Nitrogen Fixation: this process converts N2 in the atmosphere into NH3 (ammonia), which is assimilated into amino acids and proteins. Nitrogen fixation occurs in many free-living bacteria such as clostridia, azotobacters and cyanobacteria, and in symbiotic bacteria such as Rhizobium and Frankia, which associate with plant roots to form characteristic nodules. Biological nitrogen fixation is the most important way that N2 from the air enters into biological systems.
N2 ----------------> 2 NH3 nitrogen fixation
Anaerobic Respiration: this relates to the use of oxidized forms of nitrogen (NO3 and NO2) as final electron acceptors for respiration. Anaerobic respirers such as Bacillus and Pseudomonads are common soil inhabitants that will use nitrate (NO3) as an electron acceptor. NO3 is reduced to NO2 (nitrite) and then to a gaseous form of nitrogen such as N2 or N2O (nitrous oxide). The process is called denitrification. (A related process conducted by some Bacillus species, called dissimilatory nitrate reduction reduces NO3 to ammonia (NH3), but this is not considered denitrification.) Denitrifying bacteria are typically facultative microbes that respire whenever oxygen is available by aerobic respiration. If O2 is unavailable for respiration, they will turn to the alternative anaerobic respiration which uses NO3. Since NO3 is a common and expensive form of fertilizer in soils, denitrification may not be so good for agriculture, and one rationale for tilling the soil is to keep it aerobic, thereby preserving nitrate fertilizer in the soil.
NO3 ----------------> NO2 ----------------> N2 denitrification
The overall reactions of denitrification shown above proceed through the formation of nitrous oxide (N2O). A recent article by Wunsch an Zumft in Journal of Bacteriology, vol. 187 (2005), sheds new light on the process of denitrification. N2O is a bacterial metabolite in the REVERSAL of Nitrogen fixation. The anthropogenic atmospheric increase of N2O is a cause for concern, as noted above (as a greenhouse gas, N2O has 300 times the heat absorbing capacity as CO2). Denitrifying bacteria respire using N2O as an electron acceptor yielding N2 and the thereby provide a sink for N2O. This article provides new insight into this process by identifying a membrane-bound protein in denitrifying bacteria called NosR, that is necessary for the expression of N2O reductase from the nosZ gene. The NosR protein has redox centers positioned on opposite sides of the cytoplasmic membrane, which allows it to sustain whole-cell N2O respiration by acting on N2O reductase.

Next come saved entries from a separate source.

(* Let $\lambda_1,\lambda_2,\lambda_1',\lambda_2',\sigma_1,\sigma_2,\sigma_1',\sigma_2'\in\mathbb{C}^*$ and $\eta_1,\eta_2,\eta_1',\eta_2'\in\mathbb{C}$ with $\lambda_1\neq\lambda_2$ and $\lambda_1'\neq\lambda_2'$. Then the irreducible $\mathcal{G}$-modules $\Omega(\lambda_1,\eta_1,\sigma_1,0)\otimes\Omega(\lambda_2,\eta_2,\sigma_2,0)$ and $\Omega(\lambda_1',\eta_1',\sigma_1',0)\otimes\Omega(\lambda_2',\eta_2',\sigma_2',0)$ are isomorphic if and only if either $(\lambda_1,\eta_1,\sigma_1)=(\lambda_1',\eta_1',\sigma_1')$ and $(\lambda_2,\eta_2,\sigma_2)=(\lambda_2',\eta_2',\sigma_2')$, or $(\lambda_1,\eta_1,\sigma_1)=(\lambda_2',\eta_2',\sigma_2')$ and $(\lambda_2,\eta_2,\sigma_2)=(\lambda_1',\eta_1',\sigma_1')$.
   Context: The planar Galilean conformal algebra $\mathcal{G}$ is the complex Lie algebra with basis $\{L_m,H_m,I_m,J_m\mid m\in\mathbb{Z}\}$ and brackets $[L_m,L_n]=(n-m)L_{m+n}$, $[L_m,H_n]=nH_{m+n}$, $[L_m,I_n]=(n-m)I_{m+n}$, $[L_m,J_n]=(n-m)J_{m+n}$, $[H_m,I_n]=I_{m+n}$, $[H_m,J_n]=-J_{m+n}$, and $[H_m,H_n]=[I_m,I_n]=[J_m,J_n]=[I_m,J_n]=0$ for all $m,n\in\mathbb{Z}$. For $\lambda,\sigma\in\mathbb{C}^*$, $\eta\in\mathbb{C}$, the module $\Omega(\lambda,\eta,\sigma,0)$ is $\mathbb{C}[X,Y]$ with $L_m f(X,Y)=\lambda^m(Y-mX+m\eta)f(X,Y-m)$, $H_m f(X,Y)=\lambda^m X f(X,Y-m)$, $I_m f(X,Y)=\lambda^m\sigma f(X-1,Y-m)$, $J_m f(X,Y)=0$. The tensor product of $\mathcal{G}$-modules has action $x(v\otimes w)=xv\otimes w+v\otimes xw$. (When $\lambda_1\neq\lambda_2$ these tensor products are irreducible.) *)

theory Defs
  imports Complex_Main
begin

text \<open>Basis elements of the planar Galilean conformal algebra: L_m, H_m, I_m, J_m (m integer).
  A G-module action is determined by the action of the basis elements (by linearity).\<close>
datatype gca_basis = L int | H int | I int | J int

text \<open>Polynomial functions in four complex variables (X1,Y1,X2,Y2).  Since the field
  is infinite, these are in canonical bijection with C[X1,Y1,X2,Y2], which is
  canonically C[X1,Y1] tensor C[X2,Y2].\<close>
inductive_set polyfun4 :: "(complex \<times> complex \<times> complex \<times> complex \<Rightarrow> complex) set" where
  pf_const: "(\<lambda>_. c) \<in> polyfun4"
| pf_X1: "(\<lambda>(x1,y1,x2,y2). x1) \<in> polyfun4"
| pf_Y1: "(\<lambda>(x1,y1,x2,y2). y1) \<in> polyfun4"
| pf_X2: "(\<lambda>(x1,y1,x2,y2). x2) \<in> polyfun4"
| pf_Y2: "(\<lambda>(x1,y1,x2,y2). y2) \<in> polyfun4"
| pf_add: "f \<in> polyfun4 \<Longrightarrow> g \<in> polyfun4 \<Longrightarrow> (\<lambda>v. f v + g v) \<in> polyfun4"
| pf_mult: "f \<in> polyfun4 \<Longrightarrow> g \<in> polyfun4 \<Longrightarrow> (\<lambda>v. f v * g v) \<in> polyfun4"

text \<open>Action of a basis element on Omega(lambda, eta, sigma, 0), realised on (polynomial)
  functions f(X,Y).\<close>
definition omega_act :: "complex \<Rightarrow> complex \<Rightarrow> complex \<Rightarrow> gca_basis
    \<Rightarrow> (complex \<times> complex \<Rightarrow> complex) \<Rightarrow> (complex \<times> complex \<Rightarrow> complex)" where
  "omega_act lam eta sig g f = (case g of
      L m \<Rightarrow> (\<lambda>(x,y). lam powi m * (y - of_int m * x + of_int m * eta) * f (x, y - of_int m))
    | H m \<Rightarrow> (\<lambda>(x,y). lam powi m * x * f (x, y - of_int m))
    | I m \<Rightarrow> (\<lambda>(x,y). lam powi m * sig * f (x - 1, y - of_int m))
    | J m \<Rightarrow> (\<lambda>_. 0))"

text \<open>Action on the tensor product Omega(l1,e1,s1,0) (x) Omega(l2,e2,s2,0):
  x(v (x) w) = xv (x) w + v (x) xw, i.e. the first factor acts on (X1,Y1),
  the second on (X2,Y2).\<close>
definition tensor_act :: "complex \<times> complex \<times> complex \<Rightarrow> complex \<times> complex \<times> complex \<Rightarrow> gca_basis
    \<Rightarrow> (complex \<times> complex \<times> complex \<times> complex \<Rightarrow> complex)
    \<Rightarrow> (complex \<times> complex \<times> complex \<times> complex \<Rightarrow> complex)" where
  "tensor_act p1 p2 g F = (case p1 of (l1,e1,s1) \<Rightarrow> case p2 of (l2,e2,s2) \<Rightarrow>
      (\<lambda>(x1,y1,x2,y2).
          omega_act l1 e1 s1 g (\<lambda>(a,b). F (a,b,x2,y2)) (x1,y1)
        + omega_act l2 e2 s2 g (\<lambda>(a,b). F (x1,y1,a,b)) (x2,y2)))"

definition tensor_modules_iso :: "complex \<times> complex \<times> complex \<Rightarrow> complex \<times> complex \<times> complex
    \<Rightarrow> complex \<times> complex \<times> complex \<Rightarrow> complex \<times> complex \<times> complex \<Rightarrow> bool" where
  "tensor_modules_iso p1 p2 q1 q2 \<longleftrightarrow>
     (\<exists>\<phi>. bij_betw \<phi> polyfun4 polyfun4
        \<and> (\<forall>a b f g. f \<in> polyfun4 \<longrightarrow> g \<in> polyfun4 \<longrightarrow>
              \<phi> (\<lambda>v. a * f v + b * g v) = (\<lambda>v. a * \<phi> f v + b * \<phi> g v))
        \<and> (\<forall>x f. f \<in> polyfun4 \<longrightarrow> \<phi> (tensor_act p1 p2 x f) = tensor_act q1 q2 x (\<phi> f)))"

end

theory Submission
  imports Defs "HOL-Library.Product_Plus"
begin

Nitrification is a form of lithotrophic metabolism that is chemically the opposite of denitrification. Nitrifying bacteria such as Nitrosomonas utilize NH3 as an energy source, oxidizing it to NO2, while Nitrobacter will oxidize NO2 to NO3. Nitrifying bacteria generally occur in aquatic environments and their significance in soil fertility and the global nitrogen cycle is not well understood.
The Overall process of Nitrification
NH3 ----------------> NO2 (Nitrosomonas)
NO2 ----------------> NO3 (Nitrobacter)
A final important aspect of the nitrogen cycle that involves procaryotes, though not exclusively, is decomposition of nitrogen-containing compounds. Most organic nitrogen (in protein, for example) yields ammonia (NH3) during the process of deamination. Fungi are involved in decomposition, as well.
Plants, animals and protista, as well as the procaryotes, complete the nitrogen cycle during the uptake of the element for their own nutrition. Nitrogen assimilation is usually in the form of nitrate, an amino group, or ammonia.